● Exercise instructions
Go through the lines below and tally each one holding "moreover". Write only the total.

● Supplied material
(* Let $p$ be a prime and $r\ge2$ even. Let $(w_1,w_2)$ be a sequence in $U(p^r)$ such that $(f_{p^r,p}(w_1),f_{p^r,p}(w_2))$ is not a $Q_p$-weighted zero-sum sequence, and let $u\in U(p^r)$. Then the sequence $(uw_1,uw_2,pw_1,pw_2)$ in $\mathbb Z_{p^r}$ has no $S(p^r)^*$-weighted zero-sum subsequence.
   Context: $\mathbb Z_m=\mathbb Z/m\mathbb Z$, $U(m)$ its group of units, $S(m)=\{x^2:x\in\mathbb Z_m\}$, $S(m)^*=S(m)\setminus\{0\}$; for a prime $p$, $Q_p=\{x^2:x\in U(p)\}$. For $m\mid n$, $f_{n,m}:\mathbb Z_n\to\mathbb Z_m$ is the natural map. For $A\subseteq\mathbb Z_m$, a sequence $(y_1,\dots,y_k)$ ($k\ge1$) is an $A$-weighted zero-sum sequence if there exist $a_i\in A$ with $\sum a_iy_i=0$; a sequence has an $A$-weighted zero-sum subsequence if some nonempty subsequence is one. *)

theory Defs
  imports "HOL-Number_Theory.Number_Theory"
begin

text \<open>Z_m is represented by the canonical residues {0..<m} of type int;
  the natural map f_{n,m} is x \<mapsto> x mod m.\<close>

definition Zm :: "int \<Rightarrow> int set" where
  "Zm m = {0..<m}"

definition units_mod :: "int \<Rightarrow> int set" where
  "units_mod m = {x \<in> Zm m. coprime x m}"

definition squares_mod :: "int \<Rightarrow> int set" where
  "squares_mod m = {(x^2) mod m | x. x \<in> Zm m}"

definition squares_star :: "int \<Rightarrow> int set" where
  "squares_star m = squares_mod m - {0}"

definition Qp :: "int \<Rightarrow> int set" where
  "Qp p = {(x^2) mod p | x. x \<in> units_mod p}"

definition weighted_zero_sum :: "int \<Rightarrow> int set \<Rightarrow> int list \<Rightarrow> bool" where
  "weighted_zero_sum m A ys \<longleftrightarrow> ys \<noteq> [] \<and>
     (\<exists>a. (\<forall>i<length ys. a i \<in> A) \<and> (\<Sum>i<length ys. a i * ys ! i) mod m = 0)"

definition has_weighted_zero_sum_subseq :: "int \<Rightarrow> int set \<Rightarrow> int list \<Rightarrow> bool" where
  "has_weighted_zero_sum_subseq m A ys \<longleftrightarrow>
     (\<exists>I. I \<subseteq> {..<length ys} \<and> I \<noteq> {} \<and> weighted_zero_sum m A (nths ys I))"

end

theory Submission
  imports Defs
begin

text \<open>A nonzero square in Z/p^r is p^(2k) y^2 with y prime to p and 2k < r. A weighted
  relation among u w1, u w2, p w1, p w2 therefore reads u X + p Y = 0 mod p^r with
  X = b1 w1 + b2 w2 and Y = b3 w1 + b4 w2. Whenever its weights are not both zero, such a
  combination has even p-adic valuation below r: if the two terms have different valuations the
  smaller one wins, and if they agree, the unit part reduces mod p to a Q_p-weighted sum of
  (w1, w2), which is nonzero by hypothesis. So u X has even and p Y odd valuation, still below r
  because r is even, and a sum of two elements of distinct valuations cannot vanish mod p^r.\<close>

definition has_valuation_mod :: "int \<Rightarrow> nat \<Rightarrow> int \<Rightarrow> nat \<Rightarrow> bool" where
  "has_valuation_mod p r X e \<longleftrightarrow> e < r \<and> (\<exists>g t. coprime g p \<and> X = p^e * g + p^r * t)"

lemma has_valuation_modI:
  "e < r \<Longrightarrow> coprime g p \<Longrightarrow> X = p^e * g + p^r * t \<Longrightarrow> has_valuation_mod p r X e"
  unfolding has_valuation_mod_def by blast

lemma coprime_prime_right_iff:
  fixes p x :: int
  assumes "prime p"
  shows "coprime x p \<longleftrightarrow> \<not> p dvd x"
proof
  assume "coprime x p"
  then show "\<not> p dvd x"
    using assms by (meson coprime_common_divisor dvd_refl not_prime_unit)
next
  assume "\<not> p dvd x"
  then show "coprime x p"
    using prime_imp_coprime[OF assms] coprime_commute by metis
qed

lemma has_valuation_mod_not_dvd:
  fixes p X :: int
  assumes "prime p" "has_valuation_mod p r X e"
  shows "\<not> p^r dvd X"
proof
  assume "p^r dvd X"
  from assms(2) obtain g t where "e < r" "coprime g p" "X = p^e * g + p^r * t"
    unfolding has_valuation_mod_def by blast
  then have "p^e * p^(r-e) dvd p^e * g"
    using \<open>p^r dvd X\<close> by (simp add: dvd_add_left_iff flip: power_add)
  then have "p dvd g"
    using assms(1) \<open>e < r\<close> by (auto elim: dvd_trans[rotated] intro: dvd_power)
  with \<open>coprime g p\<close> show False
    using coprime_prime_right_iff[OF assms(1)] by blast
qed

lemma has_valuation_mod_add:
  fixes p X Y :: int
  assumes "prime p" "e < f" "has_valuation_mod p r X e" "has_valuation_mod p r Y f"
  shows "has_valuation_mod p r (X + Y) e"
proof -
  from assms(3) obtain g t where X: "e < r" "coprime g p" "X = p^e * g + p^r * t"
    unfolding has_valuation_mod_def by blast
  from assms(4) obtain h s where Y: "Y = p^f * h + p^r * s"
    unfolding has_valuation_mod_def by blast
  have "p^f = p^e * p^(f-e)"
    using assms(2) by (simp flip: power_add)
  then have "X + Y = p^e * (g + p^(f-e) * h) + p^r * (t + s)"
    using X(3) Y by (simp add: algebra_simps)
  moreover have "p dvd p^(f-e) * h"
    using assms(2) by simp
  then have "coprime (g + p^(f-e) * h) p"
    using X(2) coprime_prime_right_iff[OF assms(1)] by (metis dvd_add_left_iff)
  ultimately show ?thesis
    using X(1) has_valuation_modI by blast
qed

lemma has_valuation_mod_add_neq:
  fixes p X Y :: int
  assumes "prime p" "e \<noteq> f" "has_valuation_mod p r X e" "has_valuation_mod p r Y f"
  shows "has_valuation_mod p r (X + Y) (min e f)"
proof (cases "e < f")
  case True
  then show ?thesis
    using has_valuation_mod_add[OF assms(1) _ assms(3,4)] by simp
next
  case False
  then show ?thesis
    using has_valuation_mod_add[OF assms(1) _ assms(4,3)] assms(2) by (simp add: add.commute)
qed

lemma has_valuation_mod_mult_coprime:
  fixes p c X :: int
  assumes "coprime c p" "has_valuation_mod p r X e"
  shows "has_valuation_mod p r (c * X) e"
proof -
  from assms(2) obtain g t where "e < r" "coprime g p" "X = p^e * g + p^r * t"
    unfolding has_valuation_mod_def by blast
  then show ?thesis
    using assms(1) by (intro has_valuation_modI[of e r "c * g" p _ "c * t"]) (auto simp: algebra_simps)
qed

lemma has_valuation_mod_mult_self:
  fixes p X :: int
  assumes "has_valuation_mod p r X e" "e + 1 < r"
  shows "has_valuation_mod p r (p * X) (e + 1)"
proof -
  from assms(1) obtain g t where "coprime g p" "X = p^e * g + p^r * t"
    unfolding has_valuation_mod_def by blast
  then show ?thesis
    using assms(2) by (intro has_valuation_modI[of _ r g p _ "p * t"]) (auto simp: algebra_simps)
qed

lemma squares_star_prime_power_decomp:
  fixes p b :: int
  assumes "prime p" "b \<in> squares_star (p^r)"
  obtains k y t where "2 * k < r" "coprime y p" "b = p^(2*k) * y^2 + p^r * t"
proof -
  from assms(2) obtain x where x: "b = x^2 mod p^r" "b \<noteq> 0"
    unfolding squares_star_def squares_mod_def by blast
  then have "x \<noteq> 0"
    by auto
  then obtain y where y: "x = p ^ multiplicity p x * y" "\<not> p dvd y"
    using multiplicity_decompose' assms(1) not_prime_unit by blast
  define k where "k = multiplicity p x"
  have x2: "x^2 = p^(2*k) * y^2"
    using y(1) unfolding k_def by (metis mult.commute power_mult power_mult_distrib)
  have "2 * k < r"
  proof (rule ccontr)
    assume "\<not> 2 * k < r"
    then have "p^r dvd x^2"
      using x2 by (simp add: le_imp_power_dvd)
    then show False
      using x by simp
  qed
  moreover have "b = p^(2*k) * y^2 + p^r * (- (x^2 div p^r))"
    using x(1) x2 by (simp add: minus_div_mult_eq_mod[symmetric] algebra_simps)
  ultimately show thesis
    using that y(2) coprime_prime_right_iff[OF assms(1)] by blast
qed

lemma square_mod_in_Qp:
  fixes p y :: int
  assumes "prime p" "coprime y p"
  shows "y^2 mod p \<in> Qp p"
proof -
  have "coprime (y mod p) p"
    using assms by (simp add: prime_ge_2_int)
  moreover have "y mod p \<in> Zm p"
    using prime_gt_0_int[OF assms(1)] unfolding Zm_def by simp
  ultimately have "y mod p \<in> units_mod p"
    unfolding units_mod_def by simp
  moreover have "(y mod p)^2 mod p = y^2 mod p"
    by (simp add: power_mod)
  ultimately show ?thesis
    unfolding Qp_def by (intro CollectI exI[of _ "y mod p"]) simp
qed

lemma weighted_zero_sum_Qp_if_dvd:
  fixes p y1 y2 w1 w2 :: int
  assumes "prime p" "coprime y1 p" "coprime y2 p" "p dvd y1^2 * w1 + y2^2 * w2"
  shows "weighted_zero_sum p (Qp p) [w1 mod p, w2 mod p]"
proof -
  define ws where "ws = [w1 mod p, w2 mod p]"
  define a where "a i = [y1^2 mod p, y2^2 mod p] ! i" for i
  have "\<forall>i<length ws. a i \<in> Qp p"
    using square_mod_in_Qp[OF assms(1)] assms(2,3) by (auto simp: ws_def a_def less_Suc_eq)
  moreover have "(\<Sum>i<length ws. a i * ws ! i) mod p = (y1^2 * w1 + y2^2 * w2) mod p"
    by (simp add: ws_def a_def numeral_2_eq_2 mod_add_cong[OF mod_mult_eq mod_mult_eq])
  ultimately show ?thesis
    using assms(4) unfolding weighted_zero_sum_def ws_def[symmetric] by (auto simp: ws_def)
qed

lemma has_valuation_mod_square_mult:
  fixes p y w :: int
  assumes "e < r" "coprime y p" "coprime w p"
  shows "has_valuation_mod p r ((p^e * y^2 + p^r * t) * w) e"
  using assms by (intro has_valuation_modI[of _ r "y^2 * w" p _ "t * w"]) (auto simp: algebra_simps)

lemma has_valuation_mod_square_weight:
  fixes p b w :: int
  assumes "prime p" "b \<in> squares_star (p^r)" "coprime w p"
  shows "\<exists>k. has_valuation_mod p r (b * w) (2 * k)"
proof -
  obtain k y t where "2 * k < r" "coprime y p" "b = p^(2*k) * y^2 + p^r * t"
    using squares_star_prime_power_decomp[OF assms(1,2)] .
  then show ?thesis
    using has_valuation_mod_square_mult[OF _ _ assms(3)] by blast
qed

● Exercise answer
5